The task — Work out how many lines below contain the word "have". Only the number is wanted.

Data to use —

lemma Lambda_subset: "Lambda \<subseteq> {a0..a1} \<union> {b0..b1}"
proof
  fix x
  assume "x \<in> Lambda"
  then have "(G ^^ 0) x \<in> {a0..a1} \<union> {b0..b1}"
    unfolding Lambda_def by blast
  then show "x \<in> {a0..a1} \<union> {b0..b1}"
    by simp
qed

lemma compact_Lambda: "compact Lambda"
proof -
  have "Lambda = (\<Inter>j. (G ^^ j) -` ({a0..a1} \<union> {b0..b1}))"
    by (auto simp: Lambda_def)
  then have "closed Lambda"
    by (auto intro!: closed_vimage continuous_on_iterate)
  moreover have "bounded Lambda"
    using Lambda_subset bounded_subset by (metis bounded_Un bounded_closed_interval)
  ultimately show ?thesis
    by (simp add: compact_eq_bounded_closed)
qed

lemma closed_cylinder: "closed (cylinder s n)"
proof -
  have "cylinder s n = (\<Inter>j\<in>{..n}. (G ^^ j) -` cell s j)"
    by (auto simp: cylinder_def)
  then show ?thesis
    by (auto intro!: closed_vimage continuous_on_iterate closed_cell)
qed

lemma cylinder_subset_cell: "cylinder s n \<subseteq> cell s 0"
  by (auto simp: cylinder_def)

lemma cylinder_antimono: "n \<le> k \<Longrightarrow> cylinder s k \<subseteq> cylinder s n"
  by (auto simp: cylinder_def)

lemma compact_cylinder: "compact (cylinder s n)"
proof -
  have "bounded (cell s 0)"
    by (simp add: cell_def)
  then show ?thesis
    using cylinder_subset_cell closed_cylinder bounded_subset by (metis compact_eq_bounded_closed)
qed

Result for this task — 6